▸ **What to do**:
Looking at the records below, count how many lines contain the string "with". Give that number alone.

##### Data to use #####

(* Let $A \in \mathbb{R}^{m \times n}$ and $b \in \mathbb{R}^m$ be such that $\mathcal{P} = \{x \in \mathbb{R}^n : Ax \geq b\}$ is a polytope. Let $G$ be a finite undirected graph whose vertices are pairs $u = (I, X)$ with $I \subset [m]$ and $X \in \mathbb{R}^{n \times (1+m)}$. Suppose that $G$ is nonempty and that for every vertex $u = (I,X)$ of $G$: (i) $\#I = n$; (ii) $A_I X = \tilde b_I$; (iii) $A X \geq_{\mathrm{lex}} \tilde b$; (iv) $u$ has exactly $n$ neighbors in $G$; (v) for every neighbor $u' = (I', X')$ of $u$ in $G$, $\#(I \cap I') = n-1$. Then the map $(I,X) \mapsto I$ is a graph isomorphism from $G$ onto the lex-graph $G_\mathrm{lex}$ of $(A,b)$.
   Context: Let $\tilde b := [\,b \;\; -\mathrm{Id}_m\,] \in \mathbb{R}^{m \times (1+m)}$. For row vectors $\alpha,\beta \in \mathbb{R}^{1+m}$, $\alpha \leq_{\mathrm{lex}} \beta$ means $\alpha = \beta$ or $\alpha_k < \beta_k$ at the first index $k$ where they differ; for matrices with $1+m$ columns, $X \geq_{\mathrm{lex}} Y$ means $X_i \geq_{\mathrm{lex}} Y_i$ for every row $i$. For $I \subset [m]$, $A_I$, $\tilde b_I$ are the submatrices of rows indexed by $I$. A lex-feasible basis is a set $I \subset [m]$ with $\#I = n$, $A_I$ nonsingular, and $X^I := A_I^{-1}\tilde b_I$ satisfying $A X^I \geq_{\mathrm{lex}} \tilde b$. The lex-graph $G_\mathrm{lex}$ has the lex-feasible bases as vertices, with an edge between $I$ and $I'$ iff $\#(I \cap I') = n-1$. *)

theory Defs
  imports "Jordan_Normal_Form.DL_Submatrix" "Jordan_Normal_Form.Determinant"
begin

text \<open>Matrices are Jordan_Normal_Form matrices; rows/columns are indexed from 0.
  A is m x n, b has length m, row indices [m] = {0..<m}.\<close>

text \<open>btilde = [b | -Id_m], an m x (1+m) matrix (column 0 is b).\<close>
definition btilde :: "real vec \<Rightarrow> real mat" where
  "btilde b = mat (dim_vec b) (1 + dim_vec b)
     (\<lambda>(i,k). if k = 0 then b $ i else if k = i + 1 then -1 else 0)"

definition lex_le :: "real vec \<Rightarrow> real vec \<Rightarrow> bool" where
  "lex_le \<alpha> \<beta> \<longleftrightarrow> \<alpha> = \<beta> \<or>
     (\<exists>k < dim_vec \<alpha>. (\<forall>j<k. \<alpha> $ j = \<beta> $ j) \<and> \<alpha> $ k < \<beta> $ k)"
lemma sigma_middle_inner_switch:
  assumes S: "sigma_middle (u1 @ b # u2 @ c # u3) (u4 @ b # u5 @ c # u6)"
    and dX: "distinct (u1 @ b # u2 @ c # u3)"
  shows "sigma_middle (u2 @ c # u1 @ b # u3) (u5 @ c # u4 @ b # u6)"
proof -
  have "distinct (u4 @ b # u5 @ c # u6)"
    using sigma_middle_distinct[OF S dX] .
  then have c: "c \<notin> set u2" "c \<notin> set u3" "c \<notin> set u4" "c \<notin> set u5" "c \<notin> set u6"
    using dX by auto
  from S dX show ?thesis
  proof (cases rule: sigma_middle_split)
    case prefix
    have "distinct (u2 @ c # u3)"
      using dX by simp
    with prefix(2) show ?thesis
    proof (cases rule: sigma_middle_split)
      case prefix
      then show ?thesis
        using \<open>u1 = u4\<close> sigma_middle_extend[of u3 u6 "u2 @ c # u1 @ [b]" "[]"] by simp
    next
      case (word w0 ws1 s t ws2 wl)
      then show ?thesis
        using \<open>u1 = u4\<close> sigma_middle_intro[of w0 "ws1 @ [s @ c # u1 @ b # t] @ ws2" wl] by simp
    next
      case suffix
      then show ?thesis
        using \<open>u1 = u4\<close> sigma_middle_extend[of u2 u5 "[]" "c # u1 @ b # u3"] by simp
    qed
  next
    case (word w0 ws1 s t ws2 wl)
    then show ?thesis
      using sigma_middle_inner_switch_in_word[of u2 c u3 t ws2 wl u5 u6 ws1 w0 s b] c by simp
  next
    case suffix
    with c have "u2 = u5" "u3 = u6"
      by (metis append_Cons_eq_iff)+
    then show ?thesis
      using suffix(2) sigma_middle_extend[of u1 u4 "u2 @ [c]" "b # u3"] by simp
  qed
qed

lemma Sigma_set_inner_switch:
  assumes "p \<in> Sigma_set A" "inner_switch p q"
  shows "q \<in> Sigma_set A"
proof -
  obtain a z X Y where p: "p = (a # X @ [z], z # Y @ [a])" and S: "sigma_middle X Y"
    and dX: "distinct X"
    using assms(1) unfolding Sigma_set_iff valid_pair_def by auto
  obtain b c u1 u2 u3 u4 u5 u6 where X: "X = u1 @ b # u2 @ c # u3" and Y: "Y = u4 @ b # u5 @ c # u6"
    and q: "q = (a # (u2 @ c # u1 @ b # u3) @ [z], z # (u5 @ c # u4 @ b # u6) @ [a])"
    using assms(2) p unfolding inner_switch_def by auto
  have "sigma_middle (u2 @ c # u1 @ b # u3) (u5 @ c # u4 @ b # u6)"
    using S dX unfolding X Y by (rule sigma_middle_inner_switch)
  from Sigma_set_replace_middle[of a X z Y A, OF _ this] show ?thesis
    using assms(1) p q X Y by (simp add: add_mset_commute ac_simps)
qed

lemma Sigma_set_outer_switch_ab:
  assumes "p \<in> Sigma_set A" "outer_switch_ab p q"
  shows "q \<in> Sigma_set A"
proof -
  obtain a z X Y where p: "p = (a # X @ [z], z # Y @ [a])" and S: "sigma_middle X Y"
    and dX: "distinct X"
    using assms(1) unfolding Sigma_set_iff valid_pair_def by auto
  obtain b u1 u2 u3 u4 where X: "X = u1 @ b # u2" and Y: "Y = u3 @ b # u4"
    and q: "q = (b # (u2 @ a # u1) @ [z], z # (u4 @ a # u3) @ [b])"
    using assms(2) p unfolding outer_switch_ab_def by auto
  have "sigma_middle (u2 @ a # u1) (u4 @ a # u3)"
    using S dX unfolding X Y by (rule sigma_middle_outer_switch)
  from Sigma_set_replace_middle[of a X z Y A, OF _ this] show ?thesis
    using assms(1) p q X Y by (simp add: add_mset_commute ac_simps)
qed

lemma Sigma_set_outer_switch_bz:
  assumes "p \<in> Sigma_set A" "outer_switch_bz p q"
  shows "q \<in> Sigma_set A"
proof -
  obtain a z X Y where p: "p = (a # X @ [z], z # Y @ [a])" and S: "sigma_middle X Y"
    and dX: "distinct X"
    using assms(1) unfolding Sigma_set_iff valid_pair_def by auto
  obtain b u1 u2 u3 u4 where X: "X = u1 @ b # u2" and Y: "Y = u3 @ b # u4"
    and q: "q = (a # (u2 @ z # u1) @ [b], b # (u4 @ z # u3) @ [a])"
    using assms(2) p unfolding outer_switch_bz_def by auto
  have "sigma_middle (u2 @ z # u1) (u4 @ z # u3)"
    using S dX unfolding X Y by (rule sigma_middle_outer_switch)
  from Sigma_set_replace_middle[of a X z Y A, OF _ this] show ?thesis
    using assms(1) p q X Y by (simp add: add_mset_commute ac_simps)
qed

section \<open>Letters in opposite orders\<close>

lemma subseq_pair_Cons_iff:
  "subseq [x, y] (a # r) \<longleftrightarrow> (x = a \<and> y \<in> set r) \<or> subseq [x, y] r"
  by (auto simp: subseq_singleton_left dest: subseq_Cons')

lemma subseq_pair_append_iff:
  "subseq [x, y] (u @ v) \<longleftrightarrow> subseq [x, y] u \<or> subseq [x, y] v \<or> (x \<in> set u \<and> y \<in> set v)"
  by (induction u) (auto simp del: subseq_Cons2_iff simp: subseq_pair_Cons_iff)

lemma subseq_pair_set: "subseq [x, y] r \<Longrightarrow> x \<in> set r \<and> y \<in> set r"
  by (induction r) (auto simp del: subseq_Cons2_iff simp: subseq_pair_Cons_iff)

lemma subseq_pair_asym:
  "distinct r \<Longrightarrow> subseq [x, y] r \<Longrightarrow> \<not> subseq [y, x] r"
proof (induction r)
  case (Cons a r)
  then show ?case
    using subseq_pair_set[of x y r] subseq_pair_set[of y x r]
    by (simp del: subseq_Cons2_iff add: subseq_pair_Cons_iff) blast
qed simp

lemma subseq_pair_nth:
  assumes "i < j" "j < length r"
  shows "subseq [r ! i, r ! j] r"
proof -
  have "r ! i \<in> set (take j r)"
    using assms by (auto simp: in_set_conv_nth intro!: exI[of _ i])
  moreover have "r ! j \<in> set (drop j r)"
    using assms by (metis Cons_nth_drop_Suc list.set_intros(1))
  ultimately show ?thesis
    by (metis append_take_drop_id subseq_pair_append_iff)
qed

lemma subseq_pair_infix:
  assumes "distinct (u @ v @ w)" "subseq [x, y] (u @ v @ w)" "x \<in> set v" "y \<in> set v"
  shows "subseq [x, y] v"
  using assms by (auto simp: subseq_pair_append_iff dest: subseq_pair_set)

#####

▸ **Answer area**:
4